Records from a dataset
****

lemma spec_ip_self_nonneg: "(\<And>j. 0 \<le> om j) \<Longrightarrow> 0 \<le> spec_ip om lam q q"
  unfolding spec_ip_def spec_integral_def by (simp add: sum_nonneg)

lemma x_mult_eq_pCons: "[:0, 1:] * q = pCons 0 (q :: 'a::comm_semiring_1 poly)"
  by (simp add: mult_pCons_left)

definition rec_a ::
    "('n::finite \<Rightarrow> real) \<Rightarrow> ('n \<Rightarrow> real) \<Rightarrow> (nat \<Rightarrow> real poly) \<Rightarrow> nat \<Rightarrow> real" where
  "rec_a om lam p n = spec_ip om lam ([:0, 1:] * p n) (p n)"

context
  fixes om lam :: "'n::finite \<Rightarrow> real" and K :: nat and p :: "nat \<Rightarrow> real poly"
  assumes ops: "orthonormal_polys om lam K p"
begin

lemma degree_orthonormal: "n \<le> K \<Longrightarrow> degree (p n) = n"
  using ops unfolding orthonormal_polys_def by blast

lemma lead_coeff_orthonormal_pos: "n \<le> K \<Longrightarrow> lead_coeff (p n) > 0"
  using ops unfolding orthonormal_polys_def by blast

lemma spec_ip_orthonormal:
  "m \<le> K \<Longrightarrow> n \<le> K \<Longrightarrow> spec_ip om lam (p m) (p n) = (if m = n then 1 else 0)"
  using ops unfolding orthonormal_polys_def by blast

lemma orthonormal_polys_mono: "K' \<le> K \<Longrightarrow> orthonormal_polys om lam K' p"
  using ops le_trans unfolding orthonormal_polys_def by blast

lemma orthonormal_0_eq_const: "p 0 = [:lead_coeff (p 0):]"
  using degree_0_id[of "p 0"] degree_orthonormal[of 0] by simp

lemma poly_orthonormal_0: "poly (p 0) x = lead_coeff (p 0)"
  by (subst orthonormal_0_eq_const) simp

lemma orthonormal_span:
  "n \<le> K \<Longrightarrow> degree q \<le> n \<Longrightarrow> \<exists>c. q = (\<Sum>j\<le>n. smult (c j) (p j))"
proof (induction n arbitrary: q)
  case 0
  define l where "l = lead_coeff (p 0)"
  have "l > 0" using lead_coeff_orthonormal_pos[of 0] by (simp add: l_def)
  moreover have "p 0 = [:l:]" unfolding l_def by (rule orthonormal_0_eq_const)
  moreover have "q = [:coeff q 0:]" using 0 degree_0_id[of q] by simp
  ultimately have "q = smult (coeff q 0 / l) (p 0)" by simp
  then show ?case by auto
next
  case (Suc n)
  define a where "a = coeff q (Suc n) / lead_coeff (p (Suc n))"
  have deg: "degree (p (Suc n)) = Suc n" and lc: "lead_coeff (p (Suc n)) > 0"
    using degree_orthonormal lead_coeff_orthonormal_pos Suc.prems(1) by auto
  have "degree (q - smult a (p (Suc n))) \<le> n"
  proof (rule degree_le, intro allI impI)
    fix i assume "n < i"
    show "coeff (q - smult a (p (Suc n))) i = 0"
    proof (cases "i = Suc n")
      case True
      then show ?thesis using lc deg by (simp add: a_def)
    next
      case False
      then show ?thesis using \<open>n < i\<close> Suc.prems(2) deg by (simp add: coeff_eq_0)
    qed
  qed
  then obtain c where "q - smult a (p (Suc n)) = (\<Sum>j\<le>n. smult (c j) (p j))"
    using Suc by fastforce
  then have "q = (\<Sum>j\<le>Suc n. smult ((c(Suc n := a)) j) (p j))"
    by (simp add: algebra_simps)
  then show ?case by blast
qed

lemma spec_ip_orthonormal_sum:
  assumes "n \<le> K" "m \<le> K"
  shows "spec_ip om lam (\<Sum>j\<le>n. smult (c j) (p j)) (p m) = (if m \<le> n then c m else 0)"
proof -
  have "spec_ip om lam (\<Sum>j\<le>n. smult (c j) (p j)) (p m) = (\<Sum>j\<le>n. if j = m then c j else 0)"
    unfolding spec_ip_sum_left spec_ip_smult_left
    by (rule sum.cong) (use assms in \<open>auto simp: spec_ip_orthonormal\<close>)
  then show ?thesis by simp
qed

lemma spec_ip_orthonormal_sum_self:
  assumes "n \<le> K"
  shows "spec_ip om lam (\<Sum>j\<le>n. smult (c j) (p j)) (\<Sum>j\<le>n. smult (c j) (p j)) =
    (\<Sum>j\<le>n. (c j)\<^sup>2)"
proof -
  let ?s = "\<Sum>j\<le>n. smult (c j) (p j)"
  have "spec_ip om lam ?s ?s = (\<Sum>j\<le>n. c j * spec_ip om lam (p j) ?s)"
    by (simp add: spec_ip_sum_left spec_ip_smult_left)
  also have "\<dots> = (\<Sum>j\<le>n. c j * spec_ip om lam ?s (p j))"
    by (simp only: spec_ip_commute)
  also have "\<dots> = (\<Sum>j\<le>n. (c j)\<^sup>2)"
    by (intro sum.cong) (use assms in \<open>simp_all add: spec_ip_orthonormal_sum power2_eq_square\<close>)
  finally show ?thesis .
qed

lemma spec_ip_orthonormal_low_degree:
  assumes "m \<le> K" "degree q < m"
  shows "spec_ip om lam q (p m) = 0"
proof -
  obtain c where "q = (\<Sum>j\<le>degree q. smult (c j) (p j))"
    using orthonormal_span[of "degree q" q] assms by auto
  then show ?thesis
    using assms spec_ip_orthonormal_sum[of "degree q" m c] by simp
qed

lemma christoffel_sum_pos: "0 < (\<Sum>j\<le>k. (poly (p j) x)\<^sup>2)"
proof -
  have "(poly (p 0) x)\<^sup>2 \<le> (\<Sum>j\<le>k. (poly (p j) x)\<^sup>2)"
    by (rule member_le_sum) auto
  moreover have "poly (p 0) x > 0"
    using poly_orthonormal_0 lead_coeff_orthonormal_pos[of 0] by simp
  ultimately show ?thesis
    by (meson less_le_trans zero_less_power)
qed

lemma christoffel_function_le:
  assumes "k \<le> K" "degree q \<le> k" "poly q x = 1"
  shows "1 / (\<Sum>j\<le>k. (poly (p j) x)\<^sup>2) \<le> spec_ip om lam q q"
proof -
  obtain c where q: "q = (\<Sum>j\<le>k. smult (c j) (p j))"
    using orthonormal_span assms by blast
  have "1 = (\<Sum>j\<le>k. c j * poly (p j) x)\<^sup>2"
    using assms(3) by (simp add: q poly_sum)
  also have "\<dots> \<le> (\<Sum>j\<le>k. (c j)\<^sup>2) * (\<Sum>j\<le>k. (poly (p j) x)\<^sup>2)"
    by (rule Cauchy_Schwarz_ineq_sum)
  also have "(\<Sum>j\<le>k. (c j)\<^sup>2) = spec_ip om lam q q"
    using assms(1) by (simp add: q spec_ip_orthonormal_sum_self)
  finally show ?thesis
    using christoffel_sum_pos by (simp add: divide_le_eq)
qed

lemma christoffel_function_attained:
  assumes "k \<le> K"
  shows "\<exists>q. degree q \<le> k \<and> poly q x = 1 \<and>
    spec_ip om lam q q = 1 / (\<Sum>j\<le>k. (poly (p j) x)\<^sup>2)"
proof -
  define S where "S = (\<Sum>j\<le>k. (poly (p j) x)\<^sup>2)"
  have "S > 0" unfolding S_def by (rule christoffel_sum_pos)
  \<comment> \<open>the reproducing kernel at x, normalised to take the value 1 at x\<close>
  define q where "q = (\<Sum>j\<le>k. smult (poly (p j) x / S) (p j))"
  have "degree q \<le> k"
    unfolding q_def using assms
    by (intro degree_sum_le) (auto intro: order.trans[OF degree_smult_le] simp: degree_orthonormal)
  moreover have "poly q x = 1"
    using \<open>S > 0\<close> by (simp add: q_def S_def poly_sum sum_divide_distrib[symmetric] power2_eq_square)
  moreover have "spec_ip om lam q q = 1 / S"
  proof -
    have "spec_ip om lam q q = (\<Sum>j\<le>k. (poly (p j) x / S)\<^sup>2)"
      unfolding q_def using assms by (rule spec_ip_orthonormal_sum_self)
    also have "\<dots> = S / S\<^sup>2"
      by (simp add: S_def power_divide sum_divide_distrib)
    finally show ?thesis using \<open>S > 0\<close> by (simp add: power2_eq_square)
  qed
  ultimately show ?thesis unfolding S_def by blast
qed

lemma orthonormal_recurrence:
  assumes "Suc n \<le> K"
  shows "[:0, 1:] * p n = smult (rec_b om lam p n) (p (Suc n)) + smult (rec_a om lam p n) (p n)
    + (if n = 0 then 0 else smult (rec_b om lam p (n - 1)) (p (n - 1)))"
proof -
  let ?s = "[:0, 1:] * p n"
  have "degree ?s \<le> Suc n"
    using degree_mult_le[of "[:0, 1:]" "p n"] degree_orthonormal[of n] assms by simp
  then obtain c where s: "?s = (\<Sum>j\<le>Suc n. smult (c j) (p j))"
    using orthonormal_span assms by blast
  have c: "c j = spec_ip om lam ?s (p j)" if "j \<le> Suc n" for j
    using spec_ip_orthonormal_sum[of "Suc n" j c] that assms unfolding s[symmetric] by simp
  have c_sym: "c j = spec_ip om lam ([:0, 1:] * p j) (p n)" if "j \<le> Suc n" for j
    using c[OF that] spec_ip_x_left spec_ip_commute by metis
  have c_low: "c j = 0" if "Suc j < n" for j
  proof -
    have "degree ([:0, 1:] * p j) < n"
      using degree_mult_le[of "[:0, 1:]" "p j"] degree_orthonormal[of j] that assms by simp
    then show ?thesis
      using c_sym[of j] that assms by (simp add: spec_ip_orthonormal_low_degree)
  qed
  have c_top: "c (Suc n) = rec_b om lam p n" and c_mid: "c n = rec_a om lam p n"
    using c by (simp_all add: rec_b_def rec_a_def)
  show ?thesis
  proof (cases n)
    case 0
    then show ?thesis using s c_top c_mid by simp
  next
    case (Suc m)
    have "c m = rec_b om lam p m"
      using c_sym[of m] Suc by (simp add: rec_b_def)
    moreover have "(\<Sum>j<m. smult (c j) (p j)) = 0"
      using c_low Suc by simp
    moreover have "(\<Sum>j\<le>Suc n. smult (c j) (p j)) = (\<Sum>j<m. smult (c j) (p j))
        + smult (c m) (p m) + smult (c n) (p n) + smult (c (Suc n)) (p (Suc n))"
      using Suc by (simp add: lessThan_Suc_atMost[symmetric])
    ultimately show ?thesis using s c_top c_mid Suc by (simp add: algebra_simps)
  qed
qed

lemma lead_coeff_recurrence:
  assumes "Suc n \<le> K"
  shows "lead_coeff (p n) = rec_b om lam p n * lead_coeff (p (Suc n))"
proof -
  have "coeff ([:0, 1:] * p n) (Suc n) =
    coeff (smult (rec_b om lam p n) (p (Suc n)) + smult (rec_a om lam p n) (p n)
    + (if n = 0 then 0 else smult (rec_b om lam p (n - 1)) (p (n - 1)))) (Suc n)"
    using orthonormal_recurrence[OF assms] by (rule arg_cong)
  then show ?thesis
    using assms degree_orthonormal[of n] degree_orthonormal[of "Suc n"] degree_orthonormal[of "n - 1"]
    by (simp add: x_mult_eq_pCons coeff_eq_0)
qed

lemma lead_coeff_prod_rec_b:
  "n \<le> K \<Longrightarrow> lead_coeff (p n) * (\<Prod>j<n. rec_b om lam p j) = lead_coeff (p 0)"
proof (induction n)
  case (Suc n)
  then show ?case
    using lead_coeff_recurrence[of n] by (simp add: mult_ac)
qed simp

lemma christoffel_darboux_step:
  fixes x :: real
  assumes n: "Suc n \<le> K"
  defines "w m \<equiv> rec_b om lam p m *
    (poly (pderiv (p (Suc m))) x * poly (p m) x - poly (pderiv (p m)) x * poly (p (Suc m)) x)"
  shows "w n = (poly (p n) x)\<^sup>2 + (if n = 0 then 0 else w (n - 1))"
proof -
  let ?P = "poly (p n) x" and ?D = "poly (pderiv (p n)) x"
  let ?r = "if n = 0 then 0 else rec_b om lam p (n - 1) * poly (p (n - 1)) x"
  let ?r' = "if n = 0 then 0 else rec_b om lam p (n - 1) * poly (pderiv (p (n - 1))) x"
  note rec = orthonormal_recurrence[OF n]
  have val: "rec_b om lam p n * poly (p (Suc n)) x = x * ?P - rec_a om lam p n * ?P - ?r"
    using arg_cong[OF rec, of "\<lambda>q. poly q x"] by simp
  have der: "rec_b om lam p n * poly (pderiv (p (Suc n))) x = ?P + x * ?D - rec_a om lam p n * ?D - ?r'"
    using arg_cong[OF rec, of "\<lambda>q. poly (pderiv q) x"]
    by (simp add: x_mult_eq_pCons pderiv_pCons pderiv_add pderiv_smult)
  have "w n = (rec_b om lam p n * poly (pderiv (p (Suc n))) x) * ?P - ?D * (rec_b om lam p n * poly (p (Suc n)) x)"
    unfolding w_def by (simp add: algebra_simps)
  also have "\<dots> = ?P\<^sup>2 + (?D * ?r - ?r' * ?P)"
    unfolding val der by (simp add: algebra_simps power2_eq_square)
  also have "?D * ?r - ?r' * ?P = (if n = 0 then 0 else w (n - 1))"
    by (cases n) (simp_all add: w_def algebra_simps)
  finally show ?thesis .
qed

****

HOW TO COMPLETE THIS TASK
In the entries above, the lines from the one bearing "that assms by simp" up to and including the one bearing "using c_low Suc by simp" should be transcribed exactly; no other line is wanted.

YOUR SOLUTION
      using degree_mult_le[of "[:0, 1:]" "p j"] degree_orthonormal[of j] that assms by simp
    then show ?thesis
      using c_sym[of j] that assms by (simp add: spec_ip_orthonormal_low_degree)
  qed
  have c_top: "c (Suc n) = rec_b om lam p n" and c_mid: "c n = rec_a om lam p n"
    using c by (simp_all add: rec_b_def rec_a_def)
  show ?thesis
  proof (cases n)
    case 0
    then show ?thesis using s c_top c_mid by simp
  next
    case (Suc m)
    have "c m = rec_b om lam p m"
      using c_sym[of m] Suc by (simp add: rec_b_def)
    moreover have "(\<Sum>j<m. smult (c j) (p j)) = 0"
      using c_low Suc by simp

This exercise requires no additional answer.